▶ **What the exercise asks**
Each line from the one containing "t = (\<Sum>l\<le>D." through the last line of the data below is to be written out verbatim, and nothing more.

▶ **Data**
┏━━

text \<open>If h(a,t) = sum_l d_l (a^(F l) - a^E) t^l is additive in t for every unit a, then
  f = sum_l d_l T^l is additive: each monomial with d_l \<noteq> 0 has a unit a with nonzero bracket,
  and additivity of h(a,_) on the line s |-> s x, s y, s (x + y) isolates its coefficient.\<close>
lemma additive_of_additive_coboundary:
  fixes d :: "nat \<Rightarrow> 'k::alg_closed_field" and h :: "'k \<Rightarrow> 'k \<Rightarrow> 'k" and E F :: int
  assumes h: "\<And>a t. a \<noteq> 0 \<Longrightarrow> h a t = (\<Sum>l\<le>D. d l * (a powi (F * int l) - a powi E) * t^l)"
  and add: "\<And>a s t. a \<noteq> 0 \<Longrightarrow> h a (s + t) = h a s + h a t"
  and nondeg: "\<And>l. l \<le> D \<Longrightarrow> d l \<noteq> 0 \<Longrightarrow> \<exists>a::'k. a \<noteq> 0 \<and> a powi (F * int l) \<noteq> a powi E"
  shows "poly (\<Sum>l\<le>D. monom (d l) l) x + poly (\<Sum>l\<le>D. monom (d l) l) y
           - poly (\<Sum>l\<le>D. monom (d l) l) (x + y) = 0"
proof -
  define B where "B l a = a powi (F * int l) - a powi E" for l and a :: 'k
  have monomial: "d l * (x^l + y^l - (x+y)^l) = 0" if l: "l \<le> D" for l
  proof (cases "d l = 0")
    case False
    then obtain a :: 'k where a0: "a \<noteq> 0" and "a powi (F * int l) \<noteq> a powi E"
      using nondeg[OF l] by blast
    then have a: "a \<noteq> 0" "B l a \<noteq> 0" by (simp_all add: B_def)
    define z where "z = x + y"
    have "(\<Sum>j\<le>D. (d j * B j a * (x^j + y^j - z^j)) * s^j) = 0" for s
    proof -
      have "(\<Sum>j\<le>D. (d j * B j a * (x^j + y^j - z^j)) * s^j)
          = h a (s*x) + h a (s*y) - h a (s*z)"
        unfolding h[OF a(1)] B_def
        by (simp add: algebra_simps sum_subtractf sum.distrib power_mult_distrib)
      also have "\<dots> = 0" using add[OF a(1), of "s*x" "s*y"] by (simp add: distrib_left z_def)
      finally show ?thesis .
    qed
    from coeffs_vanishing_on_units[OF this l] a(2) show ?thesis by (simp add: z_def)
  qed simp
  have "poly (\<Sum>l\<le>D. monom (d l) l) x + poly (\<Sum>l\<le>D. monom (d l) l) y
          - poly (\<Sum>l\<le>D. monom (d l) l) (x + y) = (\<Sum>l\<le>D. d l * (x^l + y^l - (x+y)^l))"
    by (simp add: poly_sum poly_monom algebra_simps sum.distrib sum_subtractf)
  also have "\<dots> = 0" using monomial by (intro sum.neutral) simp
  finally show ?thesis .
qed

┗━━

▶ **Answer below**
  assumes h: "\<And>a t. a \<noteq> 0 \<Longrightarrow> h a t = (\<Sum>l\<le>D. d l * (a powi (F * int l) - a powi E) * t^l)"
  and add: "\<And>a s t. a \<noteq> 0 \<Longrightarrow> h a (s + t) = h a s + h a t"
  and nondeg: "\<And>l. l \<le> D \<Longrightarrow> d l \<noteq> 0 \<Longrightarrow> \<exists>a::'k. a \<noteq> 0 \<and> a powi (F * int l) \<noteq> a powi E"
  shows "poly (\<Sum>l\<le>D. monom (d l) l) x + poly (\<Sum>l\<le>D. monom (d l) l) y
           - poly (\<Sum>l\<le>D. monom (d l) l) (x + y) = 0"
proof -
  define B where "B l a = a powi (F * int l) - a powi E" for l and a :: 'k
  have monomial: "d l * (x^l + y^l - (x+y)^l) = 0" if l: "l \<le> D" for l
  proof (cases "d l = 0")
    case False
    then obtain a :: 'k where a0: "a \<noteq> 0" and "a powi (F * int l) \<noteq> a powi E"
      using nondeg[OF l] by blast
    then have a: "a \<noteq> 0" "B l a \<noteq> 0" by (simp_all add: B_def)
    define z where "z = x + y"
    have "(\<Sum>j\<le>D. (d j * B j a * (x^j + y^j - z^j)) * s^j) = 0" for s
    proof -
      have "(\<Sum>j\<le>D. (d j * B j a * (x^j + y^j - z^j)) * s^j)
          = h a (s*x) + h a (s*y) - h a (s*z)"
        unfolding h[OF a(1)] B_def
        by (simp add: algebra_simps sum_subtractf sum.distrib power_mult_distrib)
      also have "\<dots> = 0" using add[OF a(1), of "s*x" "s*y"] by (simp add: distrib_left z_def)
      finally show ?thesis .
    qed
    from coeffs_vanishing_on_units[OF this l] a(2) show ?thesis by (simp add: z_def)
  qed simp
  have "poly (\<Sum>l\<le>D. monom (d l) l) x + poly (\<Sum>l\<le>D. monom (d l) l) y
          - poly (\<Sum>l\<le>D. monom (d l) l) (x + y) = (\<Sum>l\<le>D. d l * (x^l + y^l - (x+y)^l))"
    by (simp add: poly_sum poly_monom algebra_simps sum.distrib sum_subtractf)
  also have "\<dots> = 0" using monomial by (intro sum.neutral) simp
  finally show ?thesis .
qed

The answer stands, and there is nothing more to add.